Exercise objective | Produce an exact copy of the first line of the data below and each line after it, please, up to and including the one with "< i \<longrightarrow>".

[Saved entries]
%%

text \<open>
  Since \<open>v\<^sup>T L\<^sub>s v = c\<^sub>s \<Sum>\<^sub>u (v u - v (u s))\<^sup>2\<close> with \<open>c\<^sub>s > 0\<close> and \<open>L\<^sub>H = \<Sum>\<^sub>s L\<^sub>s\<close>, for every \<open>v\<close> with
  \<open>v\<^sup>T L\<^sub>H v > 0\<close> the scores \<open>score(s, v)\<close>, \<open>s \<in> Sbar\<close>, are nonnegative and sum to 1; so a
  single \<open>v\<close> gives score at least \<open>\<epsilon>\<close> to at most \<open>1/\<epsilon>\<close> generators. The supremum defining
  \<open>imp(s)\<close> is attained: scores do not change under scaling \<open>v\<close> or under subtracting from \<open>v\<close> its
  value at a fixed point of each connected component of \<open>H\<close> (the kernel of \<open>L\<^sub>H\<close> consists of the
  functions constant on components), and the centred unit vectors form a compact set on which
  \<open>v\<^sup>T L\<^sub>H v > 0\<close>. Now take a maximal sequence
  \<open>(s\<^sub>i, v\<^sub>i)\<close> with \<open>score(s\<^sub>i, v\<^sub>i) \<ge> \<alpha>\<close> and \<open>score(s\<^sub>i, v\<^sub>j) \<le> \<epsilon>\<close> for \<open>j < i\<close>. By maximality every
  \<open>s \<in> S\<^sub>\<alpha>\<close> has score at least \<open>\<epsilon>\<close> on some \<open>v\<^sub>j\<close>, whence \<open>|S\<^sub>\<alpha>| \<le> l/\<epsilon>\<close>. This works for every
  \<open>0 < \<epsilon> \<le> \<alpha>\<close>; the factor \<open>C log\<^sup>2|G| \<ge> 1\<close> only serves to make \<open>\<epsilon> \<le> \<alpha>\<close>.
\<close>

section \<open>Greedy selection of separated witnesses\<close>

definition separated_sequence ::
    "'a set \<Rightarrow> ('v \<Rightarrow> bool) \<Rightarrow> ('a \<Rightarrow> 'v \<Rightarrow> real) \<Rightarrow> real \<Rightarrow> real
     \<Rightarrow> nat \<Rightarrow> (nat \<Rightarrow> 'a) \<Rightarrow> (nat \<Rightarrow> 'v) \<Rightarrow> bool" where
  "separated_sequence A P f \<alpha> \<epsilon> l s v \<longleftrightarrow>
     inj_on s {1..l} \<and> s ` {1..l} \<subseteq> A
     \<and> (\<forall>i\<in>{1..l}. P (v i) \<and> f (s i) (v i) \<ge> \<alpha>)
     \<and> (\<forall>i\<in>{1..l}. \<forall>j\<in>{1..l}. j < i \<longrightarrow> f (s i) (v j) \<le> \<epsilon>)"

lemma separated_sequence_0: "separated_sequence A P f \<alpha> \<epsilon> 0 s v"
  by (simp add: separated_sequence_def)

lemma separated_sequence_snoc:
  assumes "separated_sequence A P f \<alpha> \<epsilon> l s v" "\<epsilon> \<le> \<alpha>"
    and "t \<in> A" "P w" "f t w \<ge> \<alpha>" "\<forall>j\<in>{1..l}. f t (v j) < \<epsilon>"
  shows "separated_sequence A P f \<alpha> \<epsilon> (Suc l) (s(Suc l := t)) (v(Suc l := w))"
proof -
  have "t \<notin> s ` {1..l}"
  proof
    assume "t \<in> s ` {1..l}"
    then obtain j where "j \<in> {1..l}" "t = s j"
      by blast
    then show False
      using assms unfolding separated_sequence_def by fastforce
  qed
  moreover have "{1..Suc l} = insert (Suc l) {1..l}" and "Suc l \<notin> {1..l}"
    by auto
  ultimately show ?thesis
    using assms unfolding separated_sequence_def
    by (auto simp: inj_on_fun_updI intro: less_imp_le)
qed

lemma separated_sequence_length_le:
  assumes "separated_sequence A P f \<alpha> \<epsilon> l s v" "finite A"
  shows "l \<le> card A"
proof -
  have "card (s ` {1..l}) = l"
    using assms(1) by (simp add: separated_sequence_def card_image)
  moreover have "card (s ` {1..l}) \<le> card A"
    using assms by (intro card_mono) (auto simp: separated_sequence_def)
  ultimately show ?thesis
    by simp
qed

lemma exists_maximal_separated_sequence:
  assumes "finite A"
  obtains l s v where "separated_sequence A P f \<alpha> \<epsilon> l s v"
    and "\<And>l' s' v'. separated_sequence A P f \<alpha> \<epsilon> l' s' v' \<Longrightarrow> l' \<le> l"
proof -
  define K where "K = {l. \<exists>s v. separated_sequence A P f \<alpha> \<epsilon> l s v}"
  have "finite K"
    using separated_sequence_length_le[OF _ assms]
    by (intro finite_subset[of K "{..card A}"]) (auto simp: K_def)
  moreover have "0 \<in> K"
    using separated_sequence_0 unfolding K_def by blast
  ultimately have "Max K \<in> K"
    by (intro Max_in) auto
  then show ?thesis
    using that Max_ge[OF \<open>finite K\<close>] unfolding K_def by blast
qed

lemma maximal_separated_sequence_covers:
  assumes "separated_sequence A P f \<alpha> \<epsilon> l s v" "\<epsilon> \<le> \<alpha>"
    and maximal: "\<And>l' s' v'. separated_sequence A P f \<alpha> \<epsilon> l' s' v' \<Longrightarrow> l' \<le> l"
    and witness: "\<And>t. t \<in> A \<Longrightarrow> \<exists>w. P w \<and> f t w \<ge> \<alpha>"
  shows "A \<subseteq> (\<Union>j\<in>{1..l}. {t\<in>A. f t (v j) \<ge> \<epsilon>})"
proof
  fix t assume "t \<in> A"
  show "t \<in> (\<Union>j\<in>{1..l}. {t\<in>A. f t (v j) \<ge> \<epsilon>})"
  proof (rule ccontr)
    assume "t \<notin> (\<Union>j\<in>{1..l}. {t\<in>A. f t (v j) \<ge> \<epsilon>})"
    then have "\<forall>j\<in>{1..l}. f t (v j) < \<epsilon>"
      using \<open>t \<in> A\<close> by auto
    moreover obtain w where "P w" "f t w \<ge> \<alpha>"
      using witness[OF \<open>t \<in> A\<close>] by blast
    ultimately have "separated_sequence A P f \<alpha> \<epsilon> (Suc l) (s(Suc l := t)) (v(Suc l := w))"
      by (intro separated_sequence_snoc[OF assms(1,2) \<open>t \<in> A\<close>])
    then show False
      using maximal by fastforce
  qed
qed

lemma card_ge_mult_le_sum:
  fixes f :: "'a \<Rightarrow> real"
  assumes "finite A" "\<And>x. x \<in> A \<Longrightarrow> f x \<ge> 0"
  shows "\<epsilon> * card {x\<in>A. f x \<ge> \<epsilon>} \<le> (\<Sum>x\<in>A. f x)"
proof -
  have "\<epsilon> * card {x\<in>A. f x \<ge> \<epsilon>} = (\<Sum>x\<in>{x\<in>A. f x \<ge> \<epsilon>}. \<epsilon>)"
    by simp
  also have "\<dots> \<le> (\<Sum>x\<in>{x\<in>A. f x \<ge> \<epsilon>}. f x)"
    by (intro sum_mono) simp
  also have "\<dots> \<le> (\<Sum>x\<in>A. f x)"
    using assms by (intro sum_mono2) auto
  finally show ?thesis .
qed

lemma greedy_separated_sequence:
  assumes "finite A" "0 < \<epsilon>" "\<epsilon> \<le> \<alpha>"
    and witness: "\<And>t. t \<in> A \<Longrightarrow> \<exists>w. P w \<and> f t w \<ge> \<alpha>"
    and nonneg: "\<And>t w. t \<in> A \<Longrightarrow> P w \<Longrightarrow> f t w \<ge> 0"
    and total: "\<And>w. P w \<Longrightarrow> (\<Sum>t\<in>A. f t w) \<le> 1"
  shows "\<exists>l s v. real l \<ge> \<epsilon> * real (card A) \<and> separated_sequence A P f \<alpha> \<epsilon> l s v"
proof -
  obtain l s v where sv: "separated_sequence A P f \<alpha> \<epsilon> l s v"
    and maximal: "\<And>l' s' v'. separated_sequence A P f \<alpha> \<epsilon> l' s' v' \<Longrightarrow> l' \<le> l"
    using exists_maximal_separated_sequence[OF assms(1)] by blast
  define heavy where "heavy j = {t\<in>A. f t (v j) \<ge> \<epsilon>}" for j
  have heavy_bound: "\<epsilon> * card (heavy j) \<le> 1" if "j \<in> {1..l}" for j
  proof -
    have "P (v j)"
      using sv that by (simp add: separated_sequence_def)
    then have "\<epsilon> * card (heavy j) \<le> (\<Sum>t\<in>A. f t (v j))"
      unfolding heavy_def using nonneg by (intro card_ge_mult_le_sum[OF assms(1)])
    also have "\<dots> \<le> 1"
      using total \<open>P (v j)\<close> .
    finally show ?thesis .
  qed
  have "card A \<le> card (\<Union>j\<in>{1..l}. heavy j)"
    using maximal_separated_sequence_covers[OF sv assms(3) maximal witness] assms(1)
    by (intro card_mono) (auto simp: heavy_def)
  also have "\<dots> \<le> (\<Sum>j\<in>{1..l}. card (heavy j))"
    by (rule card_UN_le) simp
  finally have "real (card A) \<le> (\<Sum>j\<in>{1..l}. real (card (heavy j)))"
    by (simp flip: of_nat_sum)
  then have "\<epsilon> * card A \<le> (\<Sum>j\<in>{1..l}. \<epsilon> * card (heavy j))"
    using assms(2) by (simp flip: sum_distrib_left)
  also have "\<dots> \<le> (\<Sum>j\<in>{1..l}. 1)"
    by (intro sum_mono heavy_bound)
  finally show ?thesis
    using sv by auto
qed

%%

Reply to the task |
text \<open>
  Since \<open>v\<^sup>T L\<^sub>s v = c\<^sub>s \<Sum>\<^sub>u (v u - v (u s))\<^sup>2\<close> with \<open>c\<^sub>s > 0\<close> and \<open>L\<^sub>H = \<Sum>\<^sub>s L\<^sub>s\<close>, for every \<open>v\<close> with
  \<open>v\<^sup>T L\<^sub>H v > 0\<close> the scores \<open>score(s, v)\<close>, \<open>s \<in> Sbar\<close>, are nonnegative and sum to 1; so a
  single \<open>v\<close> gives score at least \<open>\<epsilon>\<close> to at most \<open>1/\<epsilon>\<close> generators. The supremum defining
  \<open>imp(s)\<close> is attained: scores do not change under scaling \<open>v\<close> or under subtracting from \<open>v\<close> its
  value at a fixed point of each connected component of \<open>H\<close> (the kernel of \<open>L\<^sub>H\<close> consists of the
  functions constant on components), and the centred unit vectors form a compact set on which
  \<open>v\<^sup>T L\<^sub>H v > 0\<close>. Now take a maximal sequence
  \<open>(s\<^sub>i, v\<^sub>i)\<close> with \<open>score(s\<^sub>i, v\<^sub>i) \<ge> \<alpha>\<close> and \<open>score(s\<^sub>i, v\<^sub>j) \<le> \<epsilon>\<close> for \<open>j < i\<close>. By maximality every
  \<open>s \<in> S\<^sub>\<alpha>\<close> has score at least \<open>\<epsilon>\<close> on some \<open>v\<^sub>j\<close>, whence \<open>|S\<^sub>\<alpha>| \<le> l/\<epsilon>\<close>. This works for every
  \<open>0 < \<epsilon> \<le> \<alpha>\<close>; the factor \<open>C log\<^sup>2|G| \<ge> 1\<close> only serves to make \<open>\<epsilon> \<le> \<alpha>\<close>.
\<close>

section \<open>Greedy selection of separated witnesses\<close>

definition separated_sequence ::
    "'a set \<Rightarrow> ('v \<Rightarrow> bool) \<Rightarrow> ('a \<Rightarrow> 'v \<Rightarrow> real) \<Rightarrow> real \<Rightarrow> real
     \<Rightarrow> nat \<Rightarrow> (nat \<Rightarrow> 'a) \<Rightarrow> (nat \<Rightarrow> 'v) \<Rightarrow> bool" where
  "separated_sequence A P f \<alpha> \<epsilon> l s v \<longleftrightarrow>
     inj_on s {1..l} \<and> s ` {1..l} \<subseteq> A
     \<and> (\<forall>i\<in>{1..l}. P (v i) \<and> f (s i) (v i) \<ge> \<alpha>)
     \<and> (\<forall>i\<in>{1..l}. \<forall>j\<in>{1..l}. j < i \<longrightarrow> f (s i) (v j) \<le> \<epsilon>)"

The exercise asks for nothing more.